So. I've read what I could find on google(groups) for this, also the faq of
comp.lang.c.

But still I do not understand why there is not standard method to "(...)
query the malloc package to find out how big an allocated block is". (
Question 7.27)

Is there somwhere explained why - because it would seem to me, that free()
and realloc(..) would have to know the size of allocated space, and I would
like to know the reason this information is not "disclosed" by a
std-library.

Why should it be disclosed? I see no compelling reason. If you need
the size of a block later, then keep track of it when you allocate it.
You could also easily wrap malloc and free to provide this
functionality.

Different implementations have different allocation strategies to fit
their needs. Adding an additional, rarely used requirement will
negatively impact some implementations in terms of memory usage and
execution time.


Mark F. Haigh
(e-mail address removed)
 
M

Malcolm

"bilbothebagginsbab5 AT freenet DOT de" <"bilbothebagginsbab5 AT freenet DOT
de"> wrote
But still I do not understand why there is not standard method to "(...)
query the malloc package to find out how big an allocated block is". (
Question 7.27)
It's a decision by the original designers of the C language, and later by
ANSI.

The reason was probably that malloc() rounded up the space of the allocated
block to the nearest divisor by eight, and so an msize() method couldn't
return the exact size without rewriting the library, which was more trouble
than worth.

An msize() function for C is not necessarily a bad idea, though it
encourages functions of the form

/*
calculates the mean of an array of doubles
Notes: array must be allocated by malloc()
*/
double mean(double *x)

rather than

double mean(double *x, size_t N)

which is handier if the array happens to be on the stack.

If you think that msize() should be part of C2005 then no one will object to
you arguing this, and maybe your ideas will be incorporated into the
language.
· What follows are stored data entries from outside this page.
(* For all nonnegative integers $A$, $k$ and $t$, $$k^t \left\{ {A \atop k} \right\} = \sum_{\substack{u,v,w \in \mathbb{N}_0 \\ u+v+w = t}} \binom{t}{u} (-1)^{v} \left\{ {v+w \atop v} \right\} \left\{ {A+u \atop k-v} \right\}.$$
   Context: $\mathbb{N}_0$ denotes the nonnegative integers. $\left\{ {n \atop m} \right\}$ is the Stirling number of the second kind (the number of partitions of an $n$-element set into $m$ nonempty blocks), with $\left\{ {0 \atop 0} \right\} = 1$, $\left\{ {n \atop 0} \right\} = 0$ for $n > 0$, and $\left\{ {n \atop m} \right\} = 0$ whenever $m < 0$ or $m > n$. The convention $0^0 = 1$ is used. *)

theory Defs
  imports "HOL-Combinatorics.Stirling"
begin

definition StirlingZ :: "nat \<Rightarrow> int \<Rightarrow> nat" where
  "StirlingZ n m = (if m < 0 then 0 else Stirling n (nat m))"

end

theory Submission
  imports Defs
begin

text \<open>Write \<open>E\<close> for the shift \<open>f \<mapsto> f (Suc _)\<close> acting on sequences indexed by \<open>A\<close>, and \<open>D = k - E\<close>.
  The recurrence of the Stirling numbers says \<open>D\<close> maps \<open>S(_, k - v)\<close> to
  \<open>v S(_, k - v) - S(_, k - v - 1)\<close>, so by induction
  \<open>D\<^sup>n S(_, k) = \<Sum>\<^sub>v (-1)\<^sup>v S(n, v) S(_, k - v)\<close>.
  Since \<open>E\<close> and \<open>D\<close> commute, the binomial theorem gives
  \<open>\<Sum>\<^sub>u C(t, u) E\<^sup>u D\<^sup>t\<^sup>-\<^sup>u = (E + D)\<^sup>t = k\<^sup>t\<close>; applied to \<open>S(_, k)\<close> and evaluated at \<open>A\<close>
  this is the identity, with \<open>w = t - u - v\<close>.\<close>

definition shift_diff :: "'a::comm_ring_1 \<Rightarrow> (nat \<Rightarrow> 'a) \<Rightarrow> nat \<Rightarrow> 'a" where
  "shift_diff c f n = c * f n - f (Suc n)"

lemma funpow_shift_diff_Suc:
  "(shift_diff c ^^ Suc m) f n = c * (shift_diff c ^^ m) f n - (shift_diff c ^^ m) f (Suc n)"
  by (simp add: shift_diff_def)

lemma binomial_shift_diff:
  fixes c :: "'a::comm_ring_1"
  shows "(\<Sum>u\<le>t. of_nat (t choose u) * (shift_diff c ^^ (t - u)) f (n + u)) = c ^ t * f n"
proof (induction t arbitrary: n)
  case 0
  then show ?case by simp
next
  case (Suc t)
  let ?g = "\<lambda>m. (shift_diff c ^^ m) f"
  have lower: "(\<Sum>u\<le>t. of_nat (t choose u) * ?g (Suc t - u) (n + u))
      = c * (\<Sum>u\<le>t. of_nat (t choose u) * ?g (t - u) (n + u))
        - (\<Sum>u\<le>t. of_nat (t choose u) * ?g (t - u) (Suc (n + u)))"
    unfolding sum_distrib_left sum_subtractf[symmetric]
    by (rule sum.cong) (auto simp: Suc_diff_le shift_diff_def algebra_simps)
  have "(\<Sum>u\<le>t. of_nat (t choose u) * ?g (Suc t - u) (n + u))
      = (\<Sum>u\<le>Suc t. of_nat (t choose u) * ?g (Suc t - u) (n + u))"
    by (simp add: binomial_eq_0)
  also have "\<dots> = ?g (Suc t) n + (\<Sum>u\<le>t. of_nat (t choose Suc u) * ?g (t - u) (n + Suc u))"
    by (subst sum.atMost_Suc_shift) simp
  finally have upper: "(\<Sum>u\<le>t. of_nat (t choose u) * ?g (Suc t - u) (n + u))
      = ?g (Suc t) n + (\<Sum>u\<le>t. of_nat (t choose Suc u) * ?g (t - u) (n + Suc u))" .
  have "(\<Sum>u\<le>Suc t. of_nat (Suc t choose u) * ?g (Suc t - u) (n + u))
      = ?g (Suc t) n + (\<Sum>u\<le>t. of_nat (Suc t choose Suc u) * ?g (t - u) (n + Suc u))"
    by (subst sum.atMost_Suc_shift) simp
  also have "\<dots> = ?g (Suc t) n + (\<Sum>u\<le>t. of_nat (t choose Suc u) * ?g (t - u) (n + Suc u))
      + (\<Sum>u\<le>t. of_nat (t choose u) * ?g (t - u) (Suc (n + u)))"
    by (simp add: sum.distrib[symmetric] algebra_simps)
  also have "\<dots> = c * (\<Sum>u\<le>t. of_nat (t choose u) * ?g (t - u) (n + u))"
    using lower upper by simp
  finally show ?case
    using Suc.IH by simp
qed

lemma StirlingZ_Suc:
  "int (StirlingZ (Suc n) m) = m * int (StirlingZ n m) + int (StirlingZ n (m - 1))"
proof (cases "m > 0")
  case True
  then obtain j where "m = int (Suc j)"
    by (metis Suc_pred' of_nat_0_less_iff pos_int_cases)
  then have "nat m = Suc j" "nat (m - 1) = j" "m = 1 + int j"
    by auto
  then show ?thesis
    by (simp add: StirlingZ_def algebra_simps)
qed (auto simp: StirlingZ_def)

lemma funpow_shift_diff_StirlingZ:
  "(shift_diff k ^^ n) (\<lambda>A. int (StirlingZ A k)) A
     = (\<Sum>v\<le>n. (-1) ^ v * int (Stirling n v) * int (StirlingZ A (k - int v)))"
proof (induction n arbitrary: A)
  case 0
  then show ?case by simp
next
  case (Suc n)
  let ?s = "\<lambda>v. int (StirlingZ A (k - int v))"
  have "(shift_diff k ^^ Suc n) (\<lambda>A. int (StirlingZ A k)) A
      = (\<Sum>v\<le>n. (-1) ^ v * int (Stirling n v) * (int v * ?s v - ?s (Suc v)))"
    unfolding funpow_shift_diff_Suc Suc.IH StirlingZ_Suc sum_distrib_left
      sum_subtractf[symmetric]
    by (rule sum.cong) (auto simp: algebra_simps)
  also have "\<dots> = (\<Sum>v\<le>Suc n. (-1) ^ v * (int v * int (Stirling n v)) * ?s v)
      + (\<Sum>v\<le>n. (-1) ^ Suc v * int (Stirling n v) * ?s (Suc v))"
    by (simp add: sum.distrib[symmetric] algebra_simps)
  also have "(\<Sum>v\<le>n. (-1) ^ Suc v * int (Stirling n v) * ?s (Suc v))
      = (\<Sum>v\<le>Suc n. (-1) ^ v * (if v = 0 then 0 else int (Stirling n (v - 1))) * ?s v)"
    by (subst sum.atMost_Suc_shift) simp
  also have "(\<Sum>v\<le>Suc n. (-1) ^ v * (int v * int (Stirling n v)) * ?s v)
      + (\<Sum>v\<le>Suc n. (-1) ^ v * (if v = 0 then 0 else int (Stirling n (v - 1))) * ?s v)
      = (\<Sum>v\<le>Suc n. (-1) ^ v * int (Stirling (Suc n) v) * ?s v)"
    unfolding sum.distrib[symmetric]
  proof (rule sum.cong)
    fix v
    show "(-1) ^ v * (int v * int (Stirling n v)) * ?s v
        + (-1) ^ v * (if v = 0 then 0 else int (Stirling n (v - 1))) * ?s v
        = (-1) ^ v * int (Stirling (Suc n) v) * ?s v"
      by (cases v) (simp_all add: algebra_simps)
  qed simp
  finally show ?case .
qed

lemma sum_triples_with_sum:
  fixes t :: nat
  shows "(\<Sum>(u, v, w) \<in> {(u, v, w). u + v + w = t}. f u v w)
     = (\<Sum>u\<le>t. \<Sum>v\<le>t - u. f u v (t - u - v))"
proof -
  let ?g = "\<lambda>(u, v). (u, v, t - u - v)"
  have triples: "{(u, v, w). u + v + w = t} = ?g ` (SIGMA u:{..t}. {..t - u})"
    by (auto simp: image_iff)
  have "inj_on ?g (SIGMA u:{..t}. {..t - u})"
    by (auto simp: inj_on_def)
  then show ?thesis
    unfolding triples by (simp add: sum.reindex sum.Sigma split_def)
qed

theorem lemma1:
  fixes A k t :: nat
  shows "int (k ^ t * Stirling A k) =
    (\<Sum>(u, v, w) \<in> {(u, v, w). u + v + w = t}.
       int (t choose u) * (-1) ^ v * int (Stirling (v + w) v)
       * int (StirlingZ (A + u) (int k - int v)))"
proof -
  let ?s = "\<lambda>A. int (StirlingZ A (int k))"
  have "int (k ^ t * Stirling A k) = (\<Sum>u\<le>t. int (t choose u) * (shift_diff (int k) ^^ (t - u)) ?s (A + u))"
    by (simp add: binomial_shift_diff StirlingZ_def)
  also have "\<dots> = (\<Sum>u\<le>t. \<Sum>v\<le>t - u. int (t choose u) * (-1) ^ v
      * int (Stirling (t - u) v) * int (StirlingZ (A + u) (int k - int v)))"
    by (simp add: funpow_shift_diff_StirlingZ sum_distrib_left algebra_simps)
  also have "\<dots> = (\<Sum>(u, v, w) \<in> {(u, v, w). u + v + w = t}.
       int (t choose u) * (-1) ^ v * int (Stirling (v + w) v)
       * int (StirlingZ (A + u) (int k - int v)))"
    unfolding sum_triples_with_sum
    by (intro sum.cong refl) auto
  finally show ?thesis .
qed

end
However the present situation is that it is not part of the
standard library.
 
P

Peter Nilsson

... If you need
the size of a block later, then keep track of it when you allocate it.
You could also easily wrap malloc and free to provide this
functionality.

You can do it if you know _all_ the types being allocated with malloc
by a given program, but there's no bullet proof general purpose way in
standard C alone.
 
M

Michael Mair

Peter said:
You can do it if you know _all_ the types being allocated with malloc
by a given program, but there's no bullet proof general purpose way in
standard C alone.

Have I missed something? What speaks against
struct my_malloc_entry {
void *data;
size_t size;
};
or the linked list equivalent and keeping track of address
and size? After handling size==0 and checking whether malloc()
was successful, you store the data you need. If you are asked
for the size, you go through the array/list/whatever. At freeing,
you either "invalidate" the memory or actually free it.
If you want, you can implement a test mode which does not free
the memory and enables you to ask for potentially invalid
pointers or whatever.
All in standard C.
Or you allocate a large chunk of memory and manage "dealing out"
parts of it by yourself. In standard C.
Either way, the requested functionality _can_ be provided.

I do not claim that these are efficient ways of doing it, hence
probably not "general purpose" enough for some people.
Maybe you thought only of storing the struct immediately before
the malloc()ed memory; it would at least explain your remark
about the types.

Cheers
Michael
 
D

Dik T. Winter

> bilbothebagginsbab5 AT freenet DOT de wrote: .... ....
> Why should it be disclosed? I see no compelling reason. If you need
> the size of a block later, then keep track of it when you allocate it.
> You could also easily wrap malloc and free to provide this
> functionality.

But there are allocaters that will allocate more than requested in many
cases. If you are tight on memory and want to keep track of what you
are actually using you might wish such a capability.
 
E

E. Robert Tisdale

bilbothebagginsbab5 said:
So. I've read what I could find on google(groups) for this,
also the faq of comp.lang.c.

But still I do not understand why there is not standard method to "(...)
query the malloc package to find out how big an allocated block is".
(Question 7.27)

Is there somwhere explained why - because it would seem to me that
free() and realloc(..) would have to know the size of allocated space,
and I would like to know the reason [why]
this information is not "disclosed" by a std-library.
> cat main.c
#include <stdio.h>
#include <stdlib.h>

size_t allocation(const void* p) {
return ((size_t*)p)[-1] - 1;
}

int main(int argc, char* argv[]) {
if (1 < argc) {
const size_t n = atoi(argv[1]);
const void* p = malloc(n);
fprintf(stdout, "size = %u\n", allocation(p));
free((void*)p);
}
return EXIT_SUCCESS;
}
> gcc -Wall -std=c99 -pedantic -o main main.c
> ./main 33 size = 40
> gcc --version
gcc (GCC) 3.4.1

The ANSI/ISO C standards don't specify such a function
because it isn't necessary.
The standard doesn't even require the implementation
to keep track of the size of the memory allocated.
But all viable implementations *do* keep track
of the size information and you only need to find out where.
My implementation reserves an extra double word (8 bytes)
just before p to store the size information and sets

((size_t*)p)[-1] = ((size + 11)%8)*8 + 1
 
M

Martin T.

bilbothebagginsbab5 said:
Hello, hello.

But still I do not understand ...
Best regards,
Martin


Dear Folks.
May I thank everybody who shared some thoughts on the issue.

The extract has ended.